• Available data:
lemma exit_probabilities_le_1:
  fixes P :: "'a::countable \<Rightarrow> 'a \<Rightarrow> real"
  assumes "stochastic_matrix P"
  shows "(\<Sum>m. \<integral>\<^sup>+y. indicator (- B) y *
            (\<integral>\<^sup>+z. kp P B m x z * ennreal (P z y) \<partial>count_space UNIV) \<partial>count_space UNIV) \<le> 1"
proof -
  define exit where "exit m = (\<integral>\<^sup>+y. indicator (- B) y *
            (\<integral>\<^sup>+z. kp P B m x z * ennreal (P z y) \<partial>count_space UNIV) \<partial>count_space UNIV)" for m
  define mass where "mass m = (\<integral>\<^sup>+z. kp P B m x z \<partial>count_space UNIV)" for m
  have "(\<Sum>i<N. exit i) + mass N = 1" for N
  proof (induction N)
    case 0
    have "kp P B 0 x = indicator {x}" by (auto simp: indicator_def)
    then show ?case by (simp add: mass_def)
  next
    case (Suc N)
    have "(\<Sum>i<Suc N. exit i) + mass (Suc N) = (\<Sum>i<N. exit i) + (mass (Suc N) + exit N)"
      by (simp add: ac_simps)
    also have "mass (Suc N) + exit N = mass N"
      unfolding mass_def exit_def by (rule kp_mass_Suc[OF assms])
    finally show ?case using Suc by simp
  qed
  then have "(\<Sum>i<N. exit i) \<le> 1" for N by (metis le_iff_add)
  then show ?thesis unfolding exit_def[symmetric] by (intro suminf_le_const) auto
qed

lemma hit_row_sum_le_1:
  fixes P :: "'a::countable \<Rightarrow> 'a \<Rightarrow> real"
  assumes "stochastic_matrix P" "finite K"
  shows "(\<Sum>y\<in>K. killed_reward P B K (\<lambda>z. P z y) x) \<le> 1"
proof -
  have "(\<Sum>y\<in>K. killed_reward P B K (\<lambda>z. P z y) x) =
        (\<Sum>m. \<Sum>y\<in>K. \<integral>\<^sup>+z. kp P (B - K) m x z * ennreal (P z y) \<partial>count_space UNIV)"
    unfolding killed_reward_def by (rule suminf_sum[symmetric]) (rule summableI)
  also have "\<dots> \<le> (\<Sum>m. \<integral>\<^sup>+y. indicator (- (B - K)) y *
            (\<integral>\<^sup>+z. kp P (B - K) m x z * ennreal (P z y) \<partial>count_space UNIV) \<partial>count_space UNIV)"
    using assms(2)
    by (intro suminf_le summableI allI)
      (auto simp: nn_integral_count_space_finite[symmetric] nn_integral_count_space_indicator
            indicator_def intro!: nn_integral_mono)
  also have "\<dots> \<le> 1" by (rule exit_probabilities_le_1[OF assms(1)])
  finally show ?thesis .
qed

lemma ennreal_hit_matrix:
  fixes P :: "'a::countable \<Rightarrow> 'a \<Rightarrow> real"
  assumes "stochastic_matrix P" "finite K" "y \<in> K"
  shows "ennreal (hit_matrix P B K x y) = killed_reward P B K (\<lambda>z. P z y) x"
proof -
  have "killed_reward P B K (\<lambda>z. P z y) x \<le> (\<Sum>y\<in>K. killed_reward P B K (\<lambda>z. P z y) x)"
    using assms(2,3) by (intro member_le_sum) auto
  also have "\<dots> \<le> 1" by (rule hit_row_sum_le_1[OF assms(1,2)])
  finally have "killed_reward P B K (\<lambda>z. P z y) x \<noteq> \<infinity>"
    by (auto simp: top_unique)
  then show ?thesis by (simp add: hit_matrix_eq_killed_reward ennreal_enn2real_if)
qed

section \<open>Invariant measures and the cycle formula\<close>

context
  fixes P :: "'a::countable \<Rightarrow> 'a \<Rightarrow> real" and \<mu> :: "'a \<Rightarrow> ennreal"
  assumes invariant: "\<And>z. (\<integral>\<^sup>+u. \<mu> u * ennreal (P u z) \<partial>count_space UNIV) = \<mu> z"
begin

• Aim of the task:
Word for word, quote the lines from the line containing "(rule hit_row_sum_le_1[OF assms(1,2)])" through the end of the material, both included, and nothing else.

• Your solution:
  also have "\<dots> \<le> 1" by (rule hit_row_sum_le_1[OF assms(1,2)])
  finally have "killed_reward P B K (\<lambda>z. P z y) x \<noteq> \<infinity>"
    by (auto simp: top_unique)
  then show ?thesis by (simp add: hit_matrix_eq_killed_reward ennreal_enn2real_if)
qed

section \<open>Invariant measures and the cycle formula\<close>

context
  fixes P :: "'a::countable \<Rightarrow> 'a \<Rightarrow> real" and \<mu> :: "'a \<Rightarrow> ennreal"
  assumes invariant: "\<And>z. (\<integral>\<^sup>+u. \<mu> u * ennreal (P u z) \<partial>count_space UNIV) = \<mu> z"
begin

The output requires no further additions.